The issue mattered because the developer requested deviations from the city’s standard garage dimensions. Council discussion cited the city code requirement of a 20‑by‑22‑foot garage. Staff described the proposed alternatives presented by the applicant as either roughly 19 feet 2 inches wide by 20 feet deep or 25 feet wide by 20 feet deep; staff and council members noted that the proposals meet width or overall square footage in some unit plans but remain shallower than code in depth. A staff member present corrected an initial misstatement about which dimension constituted the deviation and said the changes affected garage depth across several unit plans.
Councilmember Adams said he was sympathetic to both sides, noting that some residents’ vehicles would not fit but that district council supporters backed the project. “I’m not unsympathetic to the vice mayor’s concerns… I think it’s something that we should keep our eye on closely,” Adams said.

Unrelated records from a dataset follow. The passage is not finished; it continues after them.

text \<open>Two-dimensional TI topological subsystem code (properties (i)-(iii)); (i) holds by
  construction of the gauge groups from all translates of Gen.\<close>
definition TI_top_subsystem_code ::
  "('q::finite \<Rightarrow> nat) \<Rightarrow> nat \<Rightarrow> nat \<Rightarrow> 'q pvec set \<Rightarrow> bool" where
  "TI_top_subsystem_code d lG lS Gen \<longleftrightarrow>
     (\<forall>q. 0 < d q) \<and>
     (\<forall>g\<in>Gen. is_pauli d UNIV g \<and> linsize_lt (cell_supp g) (int lG)) \<and>
     (\<exists>T \<subseteq> plane_stab d Gen. (\<forall>t\<in>T. linsize_lt (cell_supp t) (int lS)) \<and>
                              pgen d T = plane_stab d Gen) \<and>
     pcentralizer d UNIV (plane_stab d Gen) = plane_gauge d Gen"

end

(* Modulo phases, Pauli operators are integer vectors and commutation is governed by an integer
   symplectic form: P and Q commute iff dim_prod d divides symp_form d (cell_supp P) P Q.
   Consequently commuting with a set is the same as commuting with the group it generates, and
   wrapping a plane operator s onto the torus is adjoint to pulling back along tmod: wrap s
   commutes with X iff s commutes with X composed with tmod.

   Gauge operators commute with all stabilizers, and truncation to R is invisible to an operator
   supported in R; this gives one inclusion.  Conversely, let P be supported in R, which is
   covered by the image of a square B of side L - lS.  Copy P onto B to obtain a plane operator.
   A local plane stabilizer t either misses B or lies, together with B, in a window of width
   less than L, where the copy agrees with the pullback of P; as wrap t is a local torus
   stabilizer, the copy commutes with t.  The local stabilizers generate the plane stabilizer
   group, so the copy lies in its centralizer, which is the plane gauge group, and wrapping it
   back exhibits P as a torus gauge operator.  That wrapping maps plane stabilizers to torus
   stabilizers is where translation invariance enters: the pullback of a wrapped gauge generator
   agrees, on any finite set, with a finite product of period translates of that generator. *)

theory Submission
  imports Defs "HOL-Library.Real_Mod"
begin

section \<open>Commutation and the symplectic form\<close>

definition dim_prod :: "('q::finite \<Rightarrow> nat) \<Rightarrow> int" where
  "dim_prod d = (\<Prod>q\<in>UNIV. int (d q))"

definition dim_cofactor :: "('q::finite \<Rightarrow> nat) \<Rightarrow> 'q \<Rightarrow> int" where
  "dim_cofactor d q = dim_prod d div int (d q)"

text \<open>Scaling by the cofactors puts the commutation phases of qudits of different dimensions
  over the common denominator \<open>dim_prod d\<close>.\<close>

definition symp_at :: "'q pvec \<Rightarrow> 'q pvec \<Rightarrow> cell \<Rightarrow> 'q \<Rightarrow> int" where
  "symp_at P Q c q = snd (P c q) * fst (Q c q) - fst (P c q) * snd (Q c q)"

definition symp_form :: "('q::finite \<Rightarrow> nat) \<Rightarrow> cell set \<Rightarrow> 'q pvec \<Rightarrow> 'q pvec \<Rightarrow> int" where
  "symp_form d S P Q = (\<Sum>c\<in>S. \<Sum>q\<in>UNIV. symp_at P Q c q * dim_cofactor d q)"

lemma prod_cis: "finite A \<Longrightarrow> (\<Prod>x\<in>A. cis (f x)) = cis (\<Sum>x\<in>A. f x)"
  by (induction A rule: finite_induct) (auto simp: cis_mult)

lemma dim_prod_pos: "\<forall>q. 0 < d q \<Longrightarrow> 0 < dim_prod d"
  unfolding dim_prod_def by (auto intro: prod_pos)

lemma dim_mult_cofactor: "int (d q) * dim_cofactor d q = dim_prod d"
  unfolding dim_cofactor_def dim_prod_def by (rule dvd_mult_div_cancel) (rule dvd_prodI, auto)

lemma comm_phase_eq_cis_symp_form:
  assumes "\<forall>q. 0 < d q"
  shows "comm_phase d P Q =
           cis (2 * pi * real_of_int (symp_form d (cell_supp P) P Q) / real_of_int (dim_prod d))"
proof (cases "finite (cell_supp P)")
  case False
  then show ?thesis by (simp add: comm_phase_def symp_form_def)
next
  case True
  have D: "real_of_int (dim_prod d) > 0" using dim_prod_pos[OF assms] by simp
  have scale: "2 * pi * real_of_int (symp_at P Q c q) / real (d q)
        = 2 * pi * real_of_int (symp_at P Q c q * dim_cofactor d q) / real_of_int (dim_prod d)" for c q
  proof -
    have "real_of_int (dim_prod d) = real (d q) * real_of_int (dim_cofactor d q)"
      by (metis dim_mult_cofactor of_int_mult of_int_of_nat_eq)
    then show ?thesis using assms D by (auto simp: field_simps)
  qed
  have "comm_phase d P Q = (\<Prod>c\<in>cell_supp P. \<Prod>q\<in>UNIV.
        cis (2 * pi * real_of_int (symp_at P Q c q * dim_cofactor d q) / real_of_int (dim_prod d)))"
    unfolding comm_phase_def using scale by (simp add: symp_at_def)
  also have "\<dots> = cis (\<Sum>c\<in>cell_supp P. \<Sum>q\<in>UNIV.
        2 * pi * real_of_int (symp_at P Q c q * dim_cofactor d q) / real_of_int (dim_prod d))"
    using True by (simp add: prod_cis)
  also have "\<dots> = cis (2 * pi * real_of_int (symp_form d (cell_supp P) P Q) / real_of_int (dim_prod d))"
    unfolding symp_form_def by (simp add: sum_divide_distrib[symmetric] sum_distrib_left)
  finally show ?thesis .
qed

lemma pcommute_iff_dvd_symp_form:
  assumes "\<forall>q. 0 < d q"
  shows "pcommute d P Q \<longleftrightarrow> dim_prod d dvd symp_form d (cell_supp P) P Q"
proof -
  define n where "n = symp_form d (cell_supp P) P Q"
  have D: "real_of_int (dim_prod d) > 0" using dim_prod_pos[OF assms] by simp
  have "pcommute d P Q \<longleftrightarrow>
          (\<exists>m. 2 * pi * real_of_int n / real_of_int (dim_prod d) = of_int m * (2 * pi))"
    unfolding pcommute_def comm_phase_eq_cis_symp_form[OF assms] cis_eq_1_iff n_def ..
  also have "\<dots> \<longleftrightarrow> (\<exists>m. real_of_int n = of_int m * real_of_int (dim_prod d))"
    using D by (auto simp: field_simps)
  also have "\<dots> \<longleftrightarrow> (\<exists>m. n = m * dim_prod d)"
    by (metis of_int_eq_iff of_int_mult)
  also have "\<dots> \<longleftrightarrow> dim_prod d dvd n"
    by (auto simp: dvd_def mult.commute)
  finally show ?thesis by (simp add: n_def)
qed

lemma pcommute_cong:
  assumes "\<And>c q. c \<in> cell_supp P \<Longrightarrow> Q c q = Q' c q"
  shows "pcommute d P Q \<longleftrightarrow> pcommute d P Q'"
  unfolding pcommute_def comm_phase_def using assms by (simp cong: prod.cong)

lemma pcommute_restrict_to:
  "cell_supp P \<subseteq> R \<Longrightarrow> pcommute d P (restrict_to R Q) \<longleftrightarrow> pcommute d P Q"
  by (rule pcommute_cong) (auto simp: restrict_to_def)

lemma pcommute_pone: "pcommute d P pone"
  by (simp add: pcommute_def comm_phase_def pone_def)

lemma pcommute_disjoint_supp:
  assumes "cell_supp P \<inter> cell_supp Q = {}"
  shows "pcommute d P Q"
proof -
  have "pcommute d P Q \<longleftrightarrow> pcommute d P pone"
    by (rule pcommute_cong) (use assms in \<open>auto simp: cell_supp_def pone_def\<close>)
  then show ?thesis by (simp add: pcommute_pone)
qed

lemma symp_form_antisym: "symp_form d S P Q = - symp_form d S Q P"
  unfolding symp_form_def symp_at_def by (simp add: sum_negf[symmetric] algebra_simps)

lemma symp_form_mono_neutral:
  assumes "finite S'" "S \<subseteq> S'" "\<And>c q. c \<in> S' - S \<Longrightarrow> P c q = (0,0) \<or> Q c q = (0,0)"
  shows "symp_form d S P Q = symp_form d S' P Q"
  unfolding symp_form_def
proof (rule sum.mono_neutral_left[OF assms(1,2)], intro ballI sum.neutral)
  fix c q assume "c \<in> S' - S"
  then show "symp_at P Q c q * dim_cofactor d q = 0"
    using assms(3)[of c q] unfolding symp_at_def by auto
qed

lemma symp_form_supp_eq:
  assumes "finite S" "cell_supp P \<subseteq> S"
  shows "symp_form d (cell_supp P) P Q = symp_form d S P Q"
  by (rule symp_form_mono_neutral) (use assms in \<open>auto simp: cell_supp_def\<close>)

lemma symp_form_swap:
  assumes "finite (cell_supp P)" "finite (cell_supp Q)"
  shows "symp_form d (cell_supp P) P Q = - symp_form d (cell_supp Q) Q P"
proof -
  define U where "U = cell_supp P \<union> cell_supp Q"
  have U: "finite U" using assms by (simp add: U_def)
  have "symp_form d (cell_supp P) P Q = symp_form d U P Q"
    and "symp_form d (cell_supp Q) Q P = symp_form d U Q P"
    by (rule symp_form_supp_eq[OF U], simp add: U_def)+
  then show ?thesis using symp_form_antisym by metis
qed

lemma pcommute_sym:
  assumes "\<forall>q. 0 < d q" "finite (cell_supp P)" "finite (cell_supp Q)"
  shows "pcommute d P Q \<longleftrightarrow> pcommute d Q P"
  using symp_form_swap[OF assms(2,3)] by (simp add: pcommute_iff_dvd_symp_form[OF assms(1)])

lemma symp_form_mod_cong:
  assumes x: "\<And>c q. fst (Q c q) mod int (d q) = fst (Q' c q) mod int (d q)"
    and z: "\<And>c q. snd (Q c q) mod int (d q) = snd (Q' c q) mod int (d q)"
  shows "symp_form d S P Q mod dim_prod d = symp_form d S P Q' mod dim_prod d"
proof -
  have "dim_prod d dvd (symp_at P Q c q - symp_at P Q' c q) * dim_cofactor d q" for c q
  proof -
    obtain kx where kx: "fst (Q c q) - fst (Q' c q) = int (d q) * kx"
      using x[of c q] unfolding mod_eq_dvd_iff dvd_def by blast
    obtain kz where kz: "snd (Q c q) - snd (Q' c q) = int (d q) * kz"
      using z[of c q] unfolding mod_eq_dvd_iff dvd_def by blast
    have "symp_at P Q c q - symp_at P Q' c q
          = snd (P c q) * (fst (Q c q) - fst (Q' c q)) - fst (P c q) * (snd (Q c q) - snd (Q' c q))"
      unfolding symp_at_def by (simp add: algebra_simps)
    also have "\<dots> = int (d q) * (snd (P c q) * kx - fst (P c q) * kz)"
      by (simp add: kx kz algebra_simps)
    finally have "(symp_at P Q c q - symp_at P Q' c q) * dim_cofactor d q
        = (int (d q) * dim_cofactor d q) * (snd (P c q) * kx - fst (P c q) * kz)"
      by (simp add: ac_simps)
    then show ?thesis by (simp add: dim_mult_cofactor)
  qed
  then have "dim_prod d dvd (\<Sum>c\<in>S. \<Sum>q\<in>UNIV. (symp_at P Q c q - symp_at P Q' c q) * dim_cofactor d q)"
    by (intro dvd_sum)
  then show ?thesis
    unfolding symp_form_def mod_eq_dvd_iff
    by (simp add: sum_subtractf[symmetric] left_diff_distrib)
qed

lemma symp_form_pmult_mod:
  "symp_form d S P (pmult d a b) mod dim_prod d
     = (symp_form d S P a + symp_form d S P b) mod dim_prod d"
proof -
  have "symp_form d S P (pmult d a b) mod dim_prod d
      = symp_form d S P (\<lambda>c q. (fst (a c q) + fst (b c q), snd (a c q) + snd (b c q))) mod dim_prod d"
    by (rule symp_form_mod_cong) (simp_all add: pmult_def)
  also have "symp_form d S P (\<lambda>c q. (fst (a c q) + fst (b c q), snd (a c q) + snd (b c q)))
      = symp_form d S P a + symp_form d S P b"
    unfolding symp_form_def symp_at_def by (simp add: sum.distrib[symmetric] algebra_simps)
  finally show ?thesis .
qed

lemma symp_form_pinv_mod:
  "symp_form d S P (pinv d a) mod dim_prod d = (- symp_form d S P a) mod dim_prod d"
proof -
  have "symp_form d S P (pinv d a) mod dim_prod d
      = symp_form d S P (\<lambda>c q. (- fst (a c q), - snd (a c q))) mod dim_prod d"
    by (rule symp_form_mod_cong) (simp_all add: pinv_def)
  also have "symp_form d S P (\<lambda>c q. (- fst (a c q), - snd (a c q))) = - symp_form d S P a"
    unfolding symp_form_def symp_at_def by (simp add: sum_negf[symmetric] algebra_simps)
  finally show ?thesis .
qed

lemma pcommute_pmult:
  assumes dpos: "\<forall>q. 0 < d q" and "pcommute d P a" "pcommute d P b"
  shows "pcommute d P (pmult d a b)"
proof -
  have "dim_prod d dvd symp_form d (cell_supp P) P a + symp_form d (cell_supp P) P b"
    using assms(2,3) by (simp add: pcommute_iff_dvd_symp_form[OF dpos])
  then show ?thesis
    using symp_form_pmult_mod[of d "cell_supp P" P a b]
    by (simp add: pcommute_iff_dvd_symp_form[OF dpos] dvd_eq_mod_eq_0)
qed

lemma pcommute_pinv:
  assumes dpos: "\<forall>q. 0 < d q" and "pcommute d P a"
  shows "pcommute d P (pinv d a)"
proof -
  have "dim_prod d dvd - symp_form d (cell_supp P) P a"
    using assms(2) by (simp add: pcommute_iff_dvd_symp_form[OF dpos])
  then show ?thesis
    using symp_form_pinv_mod[of d "cell_supp P" P a]
    by (simp add: pcommute_iff_dvd_symp_form[OF dpos] dvd_eq_mod_eq_0)
qed

lemma pcommute_pgen:
  assumes dpos: "\<forall>q. 0 < d q" and gens: "\<And>a. a \<in> A \<Longrightarrow> pcommute d P a"
    and Q: "Q \<in> pgen d A"
  shows "pcommute d P Q"
  using Q by induction (simp_all add: pcommute_pone pcommute_pmult pcommute_pinv dpos gens)

section \<open>Wrapping plane operators onto the torus\<close>

lemma cell_supp_pmult: "cell_supp (pmult d a b) \<subseteq> cell_supp a \<union> cell_supp b"
proof -
  have "pmult d a b c q = (0, 0)" if "c \<notin> cell_supp a \<union> cell_supp b" for c q
    using that by (simp add: cell_supp_def pmult_def)
  then show ?thesis unfolding cell_supp_def by blast
qed

lemma cell_supp_pinv: "cell_supp (pinv d a) \<subseteq> cell_supp a"
proof -
  have "pinv d a c q = (0, 0)" if "c \<notin> cell_supp a" for c q
    using that by (simp add: cell_supp_def pinv_def)
  then show ?thesis unfolding cell_supp_def by blast
qed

Councilmember Pillsbury said guest parking on the site appears sufficient to address some concerns but reiterated that multifamily attached garages present a different planning question than standard multifamily parking.
Discussion during the meeting included back‑and‑forth about unit counts and which plans exceeded or fell short of code dimensions; one council member noted apparent inconsistencies in unit counts across the four plan types under review and was corrected by staff. The record shows council members asked staff and each other for clarity on how many units would be deeper than code and how many would be shallower; staff answered that depth changes applied across several unit types.
No public speakers registered on the rezoning item. The council’s approval allows the project to proceed under the rezoned designation as presented; the council did not adopt additional conditions on garage dimensions. Councilmembers who spoke said they expect staff and the council to monitor how parking functions as the project advances.
The item was considered during the regular council meeting and concluded with the formal vote; no follow‑up motion to revisit garage dimensions was recorded.